Long story short, I lost everything except my gamertag which I got from recover gamertag. After the incident, I started to do strenuous research resulting in a couple finds including
http://www.ehow.com/how_2080168_connect-xbox-computer-transfer-data.html
and
http://us.codejunkies.com/support/article.aspx?article_id=272.

I have made sure I didnt overwrite my lost data, and still nothing is working. I rather not pay money, mod my xbox (as i just got it) ,or actually break open my hardrive. Thanks for your time and patience.


----------



## Elvenleader3

I don't think there is any way to get it back. I remember some people having the same exact problem. 

The only way to prevent it from happening again is to make sure you know what you are clicking before you delete. You were probably better off just moving the files instead of copying them so you didn't have to delete them.


----------



## starclimber1928

I am pretty sure there is though. have you heard of Computer Therensics? I have heard of people getting it back, but I just need some help to get it.


----------



## Elvenleader3

Actually, no, I haven't heard of Computer Therensics. I couldn't find anything on it, so if you could give me a link.


----------



## starclimber1928

I really dont know much about it myself. All I knlow is that it has something to do with the fact that once something is deleted, there is still a very small piece of it remaining. Thats how programs like recover your files get ur files back and stuff.


----------



## Elvenleader3

Like a system restore? I don't think that's really possible here, considering that you didn't back up the files anywhere.


----------



## Aus_Karlos

As the Xbox 360 formats its HDDs in FAT32 you can take it out and install the HDD into a PC (Do not Format), then use free recovery software to find the data you have deleted and restore it to its original directory. If it does find anything you will need to restore the files to your PC's HDD for the time been as you cannot write to the sectors of the HDD its trying to recover from. You may override other data you need to recover.

This method should work as PCs use FAT32 file systems. However data recovery is not very good with FAT32 (technical info)... Best of luck though...
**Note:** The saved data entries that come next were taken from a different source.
section \<open>Gaussian wave packets\<close>

lemma poly_bounded_by_power:
  fixes p :: "complex poly"
  shows "\<exists>K d. K \<ge> 0 \<and> (\<forall>t::real. norm (poly p (complex_of_real t)) \<le> K * (1 + \<bar>t\<bar>) ^ d)"
proof (induction p)
  case 0
  show ?case by (intro exI[of _ 0]) auto
next
  case (pCons a p)
  then obtain K d where K: "K \<ge> 0" "\<And>t::real. norm (poly p (complex_of_real t)) \<le> K * (1 + \<bar>t\<bar>) ^ d"
    by blast
  show ?case
  proof (intro exI[of _ "norm a + K"] exI[of _ "Suc d"] conjI allI)
    show "norm a + K \<ge> 0" using K by simp
    fix t :: real
    have "norm (poly (pCons a p) (complex_of_real t)) \<le> norm a + \<bar>t\<bar> * norm (poly p (complex_of_real t))"
      by (simp add: norm_triangle_le norm_mult)
    also have "\<dots> \<le> norm a + \<bar>t\<bar> * (K * (1 + \<bar>t\<bar>) ^ d)"
      using K(2)[of t] by (simp add: mult_left_mono)
    also have "\<dots> \<le> norm a * (1 + \<bar>t\<bar>) ^ Suc d + K * (1 + \<bar>t\<bar>) ^ Suc d"
    proof -
      have "1 \<le> (1 + \<bar>t\<bar>) ^ Suc d" by (rule one_le_power) simp
      then have "norm a \<le> norm a * (1 + \<bar>t\<bar>) ^ Suc d"
        using mult_left_mono[of 1 _ "norm a"] by simp
      moreover have "\<bar>t\<bar> * (K * (1 + \<bar>t\<bar>) ^ d) \<le> K * (1 + \<bar>t\<bar>) ^ Suc d"
        using K(1) by (simp add: mult_right_mono mult_left_mono algebra_simps)
      ultimately show ?thesis by linarith
    qed
    finally show "norm (poly (pCons a p) (complex_of_real t)) \<le> (norm a + K) * (1 + \<bar>t\<bar>) ^ Suc d"
      by (simp add: algebra_simps)
  qed
qed

lemma power_mult_gaussian_le:
  fixes t :: real
  shows "(1 + \<bar>t\<bar>) ^ m * exp (- (t^2) / 4) \<le> exp ((real m + 1)^2)"
proof -
  have "(1 + \<bar>t\<bar>) ^ m \<le> (1 + \<bar>t\<bar>) ^ Suc m" by (rule power_increasing) auto
  also have "\<dots> = (1 + ((real m + 1) * \<bar>t\<bar>) / real (Suc m)) ^ Suc m"
  proof -
    have "((real m + 1) * \<bar>t\<bar>) / real (Suc m) = \<bar>t\<bar>" by (simp add: field_simps)
    then show ?thesis by simp
  qed
  also have "\<dots> \<le> exp ((real m + 1) * \<bar>t\<bar>)"
  proof (rule exp_ge_one_plus_x_over_n_power_n)
    have "0 \<le> (real m + 1) * \<bar>t\<bar>" by simp
    then show "- real (Suc m) \<le> (real m + 1) * \<bar>t\<bar>" by linarith
  qed simp
  finally have "(1 + \<bar>t\<bar>) ^ m * exp (- (t^2) / 4) \<le> exp ((real m + 1) * \<bar>t\<bar>) * exp (- (t^2) / 4)"
    by (simp add: mult_right_mono)
  also have "\<dots> = exp ((real m + 1) * \<bar>t\<bar> - (t^2) / 4)" by (simp add: exp_add[symmetric])
  also have "\<dots> \<le> exp ((real m + 1)^2)"
  proof -
    have "0 \<le> (\<bar>t\<bar> / 2 - (real m + 1))^2" by simp
    then show ?thesis by (simp add: power2_eq_square algebra_simps)
  qed
  finally show ?thesis .
qed

lemma poly_mult_exp_poly_rapid_decay:
  fixes p q :: "complex poly"
  assumes decay: "\<And>t. Re (poly q (complex_of_real t)) \<le> - (t^2) / 4"
  shows "\<exists>B. \<forall>t. (1 + \<bar>t\<bar>) ^ M * norm (poly p (complex_of_real t) * exp (poly q (complex_of_real t))) \<le> B"
proof -
  obtain K d where K: "K \<ge> 0" "\<And>t::real. norm (poly p (complex_of_real t)) \<le> K * (1 + \<bar>t\<bar>) ^ d"
    using poly_bounded_by_power by blast
  have "(1 + \<bar>t\<bar>) ^ M * norm (poly p (complex_of_real t) * exp (poly q (complex_of_real t)))
      \<le> K * exp ((real (M + d) + 1)^2)" for t
  proof -
    have "norm (poly p (complex_of_real t) * exp (poly q (complex_of_real t))) \<le> K * (1 + \<bar>t\<bar>) ^ d * exp (- (t^2) / 4)"
      unfolding norm_mult norm_exp_eq_Re using K decay[of t] by (intro mult_mono) auto
    then have "(1 + \<bar>t\<bar>) ^ M * norm (poly p (complex_of_real t) * exp (poly q (complex_of_real t)))
        \<le> (1 + \<bar>t\<bar>) ^ M * (K * (1 + \<bar>t\<bar>) ^ d * exp (- (t^2) / 4))"
      by (rule mult_left_mono) simp
    also have "\<dots> = K * ((1 + \<bar>t\<bar>) ^ (M + d) * exp (- (t^2) / 4))"
      by (simp add: power_add algebra_simps)
    also have "\<dots> \<le> K * exp ((real (M + d) + 1)^2)"
      using power_mult_gaussian_le K(1) by (rule mult_left_mono)
    finally show ?thesis .
  qed
  then show ?thesis by blast
qed

fun exp_poly_deriv :: "complex poly \<Rightarrow> nat \<Rightarrow> complex poly" where
  "exp_poly_deriv q 0 = 1"
| "exp_poly_deriv q (Suc j) = pderiv (exp_poly_deriv q j) + pderiv q * exp_poly_deriv q j"

lemma has_field_derivative_exp_poly_deriv:
  "((\<lambda>z. poly (exp_poly_deriv q j) z * exp (poly q z)) has_field_derivative
     poly (exp_poly_deriv q (Suc j)) z * exp (poly q z)) (at z)"
  by (auto intro!: derivative_eq_intros simp: algebra_simps)

lemma test_fun_exp_poly:
  assumes decay: "\<And>t. Re (poly q (complex_of_real t)) \<le> - (t^2) / 4"
  shows "test_fun (\<lambda>x t. exp (\<i> * complex_of_real (real_of_int N * x)) * exp (poly q (complex_of_real t)))"
proof -
  define D where "D i j x t = (\<i> * of_int N)^i * exp (\<i> * of_int N * complex_of_real x) *
      (poly (exp_poly_deriv q j) (complex_of_real t) * exp (poly q (complex_of_real t)))" for i j x t
  have periodic: "exp (\<i> * complex_of_real (real_of_int N * (x + 2 * pi))) = exp (\<i> * complex_of_real (real_of_int N * x))"
    for x
  proof -
    have "exp (\<i> * complex_of_real (real_of_int N * (x + 2 * pi)))
        = exp (\<i> * complex_of_real (real_of_int N * x)) * exp ((2 * of_int N * of_real pi) * \<i>)"
      by (simp add: exp_add[symmetric] algebra_simps)
    then show ?thesis using exp_integer_2pi[of "of_int N"] by simp
  qed
  have D_00: "D 0 0 = (\<lambda>x t. exp (\<i> * complex_of_real (real_of_int N * x)) * exp (poly q (complex_of_real t)))"
    by (simp add: D_def fun_eq_iff mult.assoc)
  have deriv_x: "((\<lambda>y. D i j y t) has_vector_derivative D (Suc i) j x t) (at x)" for i j x t
  proof -
    let ?c = "poly (exp_poly_deriv q j) (complex_of_real t) * exp (poly q (complex_of_real t))"
    have "((\<lambda>z. (\<i> * of_int N)^i * exp (\<i> * of_int N * z) * ?c) has_field_derivative
        (\<i> * of_int N)^Suc i * exp (\<i> * of_int N * z) * ?c) (at z)" for z
      by (auto intro!: derivative_eq_intros simp: algebra_simps)
    from has_vector_derivative_real_field[OF this] show ?thesis by (simp add: D_def)
  qed
  have deriv_t: "((\<lambda>y. D i j x y) has_vector_derivative D i (Suc j) x t) (at t)" for i j x t
    using has_vector_derivative_real_field[OF DERIV_cmult[OF has_field_derivative_exp_poly_deriv]]
    by (simp add: D_def)
  have cont: "continuous_on UNIV (\<lambda>p. D i j (fst p) (snd p))" for i j
    unfolding D_def by (intro continuous_intros)
  have bounded: "\<exists>B. \<forall>x t. (1 + \<bar>t\<bar>) ^ M * cmod (D i j x t) \<le> B" for i j M
  proof -
    obtain B where B: "\<And>t. (1 + \<bar>t\<bar>) ^ M *
        norm (poly (exp_poly_deriv q j) (complex_of_real t) * exp (poly q (complex_of_real t))) \<le> B"
      using poly_mult_exp_poly_rapid_decay[OF decay] by blast
    have "(1 + \<bar>t\<bar>) ^ M * cmod (D i j x t) \<le> \<bar>of_int N\<bar>^i * B" for x t
    proof -
      have "(1 + \<bar>t\<bar>) ^ M * cmod (D i j x t) = \<bar>of_int N\<bar>^i *
          ((1 + \<bar>t\<bar>) ^ M * norm (poly (exp_poly_deriv q j) (complex_of_real t) * exp (poly q (complex_of_real t))))"
        unfolding D_def by (simp add: norm_mult norm_power norm_exp_eq_Re mult_ac)
      also have "\<dots> \<le> \<bar>of_int N\<bar>^i * B"
        by (rule mult_left_mono[OF B]) simp
      finally show ?thesis .
    qed
    then show ?thesis by blast
  qed
  show ?thesis
    unfolding test_fun_def
    using periodic D_00 deriv_x deriv_t cont bounded by (intro conjI exI[of _ D]) auto
qed

definition wave_packet :: "int \<Rightarrow> real \<Rightarrow> real \<Rightarrow> real \<Rightarrow> complex" where
  "wave_packet N \<omega> x t = exp (\<i> * complex_of_real (real_of_int N * x)) *
      (exp (- \<i> * complex_of_real (\<omega> * t)) * complex_of_real (exp (- (t^2) / 4)))"

lemma test_fun_wave_packet: "test_fun (wave_packet N \<omega>)"
proof -
  define q where "q = [:0, - \<i> * complex_of_real \<omega>, - 1/4:]"
  have "poly q (complex_of_real t) = - \<i> * complex_of_real (\<omega> * t) + complex_of_real (- (t^2) / 4)" for t
    by (simp add: q_def algebra_simps power2_eq_square)
  then have exp_q: "exp (poly q (complex_of_real t))
      = exp (- \<i> * complex_of_real (\<omega> * t)) * complex_of_real (exp (- (t^2) / 4))" for t
    by (simp only: exp_add exp_of_real)
  have wave_packet_eq:
    "wave_packet N \<omega> = (\<lambda>x t. exp (\<i> * complex_of_real (real_of_int N * x)) * exp (poly q (complex_of_real t)))"
    by (intro ext) (simp only: wave_packet_def exp_q)
  show ?thesis
    unfolding wave_packet_eq by (rule test_fun_exp_poly) (simp add: q_def power2_eq_square)
qed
Also try not to install/or copy files to the Xbox 360 HDD you my override your files.


----------



## harri506

Actually its data forensics and yes it is the restoration of "erased" data. Hook it up to your PC and look for a software i believe is called "diskinternals uneraser" it should bring your temp deleted files back.

Best of luck!


----------



## ebackhus

I thought the 360 used a format similar to MacOS.


----------



## harri506

Nope its FAT32 that's why it takes 4GB+ games so easily... In most cases...


----------